Julia (d. 68 BCE)
Julia (d. 68 bce)
Roman noblewoman and aunt of Julius Caesar. Died in 68 bce (some sources cite 69 bce); daughter of Marcia (fl. 100 bce) and Gaius Julius Caesar; sister of C. Julius Caesar (praetor, 85 bce, father of Julius Caesar) and Sextus Julius Caesar (consul, 91 bce); aunt of Julius Caesar, Roman emperor; married Gaius Marius (consul, d. 86 bce).
It was the marriage of Julia, aunt of Julius Caesar, to dictator Gaius Marius that propelled the young Caesar into politics. As a result of Julia's efforts, Marius planned to name Caesar the flamen Dialis (priest of Jupiter). Despite Caesar's previous plans to marry the daughter of a wealthy equestrian (business-class) family, he married Cornelia , daughter of the consul Lucius Cornelius Cinna, to fulfill the requirement that the flamen marry a patrician. Because of Marius' changing political fortunes, however, Caesar was never appointed flamen.

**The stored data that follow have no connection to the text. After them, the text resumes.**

lemma odd_square_z8:
  assumes "odd N"
  shows "(of_nat N :: z8) * of_nat N = 1"
proof -
  have "\<forall>u::z8. (1 + 2 * u) * (1 + 2 * u) = 1" unfolding forall_z8 by simp
  with assms show ?thesis by (elim oddE) simp
qed

context add_const_generators
begin

lemma D_op_in_transpose:
  assumes "D_op n k \<in> clone_gen F n" and "k < n" and "i < n"
  shows "D_op n i \<in> clone_gen F n"
proof -
  have "(\<lambda>x. D_op n k (\<lambda>j. x (transpose k i j))) \<in> clone_gen F n"
    by (rule clone_gen_comp[OF assms(1)])
      (use assms(2,3) in \<open>auto simp: transpose_def intro: clone_gen.proj\<close>)
  moreover have "D_op n k (\<lambda>j. x (transpose k i j)) = D_op n i x" for x
    using D_op_transpose[OF assms(2,3)] unfolding comp_def .
  ultimately show ?thesis by simp
qed

lemma H_op_in:
  assumes "D_op n i \<in> clone_gen F n" and "i < n"
  shows "H_op n i \<in> clone_gen F n"
proof -
  have "(\<lambda>x. D_op n i (x(i := x i + - 1))) \<in> clone_gen F n"
    using clone_gen_fun_upd[OF assms(1) add_const_in[OF clone_gen.proj[OF assms(2)]]] .
  then show ?thesis using D_op_shift_eq_H_op[OF assms(2)] by simp
qed

lemma M_op_in:
  assumes "D_op n k \<in> clone_gen F n" and "k < n"
  shows "M_op n \<in> clone_gen F n"
proof -
  have "(\<lambda>x. D_op n k (x(k := x k + x k))) \<in> clone_gen F n"
    using clone_gen_fun_upd[OF assms(1) add_in[OF clone_gen.proj[OF assms(2)] clone_gen.proj[OF assms(2)]]]
    .
  then show ?thesis using D_op_double_eq_M_op[OF assms(2)] by simp
qed

lemma gop_minus_P_op_in:
  assumes "D_op n k \<in> clone_gen F n" and "k < n"
  shows "(\<lambda>x. gop n a b c x - of_nat (coeff_sum n a b c) * P_op n x) \<in> clone_gen F n"
proof -
  have "D_op n i \<in> clone_gen F n" "H_op n i \<in> clone_gen F n" if "i < n" for i
    using D_op_in_transpose[OF assms that] H_op_in[OF D_op_in_transpose[OF assms that] that] by auto
  then have "(\<lambda>x. \<Sum>i<n. of_nat (b i) * H_op n i x - of_nat (a i + b i) * D_op n i x) \<in> clone_gen F n"
    using assms(2) by (intro sum_in diff_in mult_in) auto
  then show ?thesis unfolding gop_decomposition[of n a b c] by simp
qed

lemma gop_in_if_P_op_in:
  assumes "D_op n k \<in> clone_gen F n" and "k < n" and "P_op n \<in> clone_gen F n"
  shows "gop n a b c \<in> clone_gen F n"
  using add_in[OF gop_minus_P_op_in[where a = a and b = b and c = c, OF assms(1,2)]
      mult_in[OF assms(3), of "of_nat (coeff_sum n a b c)"]]
  by simp

lemma gop_in_if_even:
  assumes "D_op n k \<in> clone_gen F n" and "k < n" and "even (coeff_sum n a b c)"
  shows "gop n a b c \<in> clone_gen F n"
  using add_in[OF gop_minus_P_op_in[where a = a and b = b and c = c, OF assms(1,2)]
      mult_in[OF M_op_in[OF assms(1,2)], of "of_nat (coeff_sum n a b c div 2)"]]
  by (simp add: even_mult_P_op[OF assms(3)])

lemma P_op_in_if_odd:
  assumes "D_op n k \<in> clone_gen F n" and "k < n" and "odd (coeff_sum n a b c)"
    and "gop n a b c \<in> clone_gen F n"
  shows "P_op n \<in> clone_gen F n"
proof -
  let ?S = "coeff_sum n a b c"
  have "(\<lambda>x. of_nat ?S * (gop n a b c x - (gop n a b c x - of_nat ?S * P_op n x))) \<in> clone_gen F n"
    using mult_in[OF diff_in[OF assms(4) gop_minus_P_op_in[where a = a and b = b and c = c, OF assms(1,2)]]]
    .
  then show ?thesis by (simp add: mult.assoc[symmetric] odd_square_z8[OF assms(3)])
qed

end

section \<open>The clones \<open>C(f)\<close>, \<open>C(2w\<^sub>n)\<close> and \<open>C(2q\<^sub>n)\<close>\<close>

lemma depends_only_on_gop: "depends_only_on n (gop n a b c)"
  unfolding depends_only_on_def gop_def by (auto intro!: arg_cong2[where f = "(*)"] prod.cong sum.cong)

lemma depends_only_on_w_op:
  assumes "1 \<le> n"
  shows "depends_only_on n (\<lambda>x. 2 * w_op n x)"
  using assms unfolding depends_only_on_def w_op_def by (auto intro!: prod.cong)

lemma depends_only_on_q_op:
  assumes "1 \<le> n"
  shows "depends_only_on n (\<lambda>x. 2 * q_op n x)"
  using assms unfolding depends_only_on_def q_op_def by (auto intro!: prod.cong)

lemma D_op_in_C_gens_gop:
  assumes "1 \<le> n" and "in_G1 n a b c" and "k < n" and "a k \<noteq> 0"
  shows "D_op n k \<in> clone_gen (C_gens n (gop n a b c)) n"
proof -
  let ?K = "clone_gen (C_gens n (gop n a b c)) n"
  have f: "gop n a b c \<in> ?K" by (rule generator_in_C_gens[OF depends_only_on_gop])
  have ak: "a k = 1" and bk: "b k \<le> 1" using assms(2-4) unfolding in_G1_def by auto
  show ?thesis
  proof (cases "2 \<le> n")
    case True
    define l :: nat where "l = (if k = 0 then 1 else 0)"
    have l: "l < n" "k \<noteq> l" using True by (auto simp: l_def)
    have "(\<lambda>x. gop n a b c (x(l := x k + 1, k := x k + x l)) - gop n a b c (x(l := x k + 1, k := x k))
        - gop n a b c (x(l := x k + 1, k := x l))) \<in> ?K"
      using assms(3) l(1)
      by (intro C_gens.diff_in clone_gen_fun_upd2 f C_gens.add_const_in C_gens.add_in clone_gen.proj)
    then show ?thesis using D_op_polarization[where a = a and b = b, OF assms(3) l ak bk] by simp
  next
    case False
    then have n: "n = 1" and k: "k = 0" using assms(1,3) by auto
    have x0: "(\<lambda>x. x 0) \<in> ?K" by (rule clone_gen.proj) (simp add: n)
    from ak k have a0: "a 0 = 1" by simp
    from bk k have "b 0 = 0 \<or> b 0 = 1" by auto
    then show ?thesis
    proof
      assume b0: "b 0 = 0"
      have "(\<lambda>x. (2 + 2 * of_nat c) * x 0 - gop n a b c x) \<in> ?K"
        by (intro C_gens.diff_in C_gens.mult_in x0 f)
      then show ?thesis unfolding n k using D_op_one_if_b0[where a = a and b = b, OF a0 b0] by simp
    next
      assume b0: "b 0 = 1"
      have "(\<lambda>x. (4 + 2 * of_nat c) * (x 0 + 1) - gop n a b c (x(0 := x 0 + 1))) \<in> ?K"
        by (intro C_gens.diff_in C_gens.mult_in clone_gen_fun_upd f C_gens.add_const_in x0)
      then show ?thesis unfolding n k using D_op_one_if_b1[where a = a and b = b, OF a0 b0] by simp
    qed
  qed
qed

lemma D_op_in_C_gens_w_op:
  assumes "1 \<le> n"
  shows "D_op n 0 \<in> clone_gen (C_gens n (\<lambda>x. 2 * w_op n x)) n"
proof -
  let ?K = "clone_gen (C_gens n (\<lambda>x. 2 * w_op n x)) n"
  have w: "(\<lambda>x. 2 * w_op n x) \<in> ?K" by (rule generator_in_C_gens[OF depends_only_on_w_op[OF assms]])
  have n: "0 < n" using assms by simp
  have "(\<lambda>x. 2 * w_op n (x(0 := x 0 + x 0))) \<in> ?K"
    using clone_gen_fun_upd[OF w C_gens.add_in[OF clone_gen.proj[OF n] clone_gen.proj[OF n]]] .
  then have "M_op n \<in> ?K" using w_op_double[OF assms] by simp
  from C_gens.diff_in[OF this w] show ?thesis using w_op_eq[OF assms] by simp
qed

Caesar eventually triumphed, nonetheless. In 73 bce, the Romans elected him one of the 24 military tribunes, his first elected office. Elected quaestor (junior magistrate) in 69, he gave public funeral orations honoring his recently deceased aunt Julia and his wife Cornelia. According to Suetonius, Caesar took the opportunity in his oration to glorify his family:
The family of my aunt Julia is descended by her mother from the kings, and on her father's side is akin to the immortal Gods. … Our stock therefore has at once the sanctity of kings, and the claim to reverence which attaches to the Gods.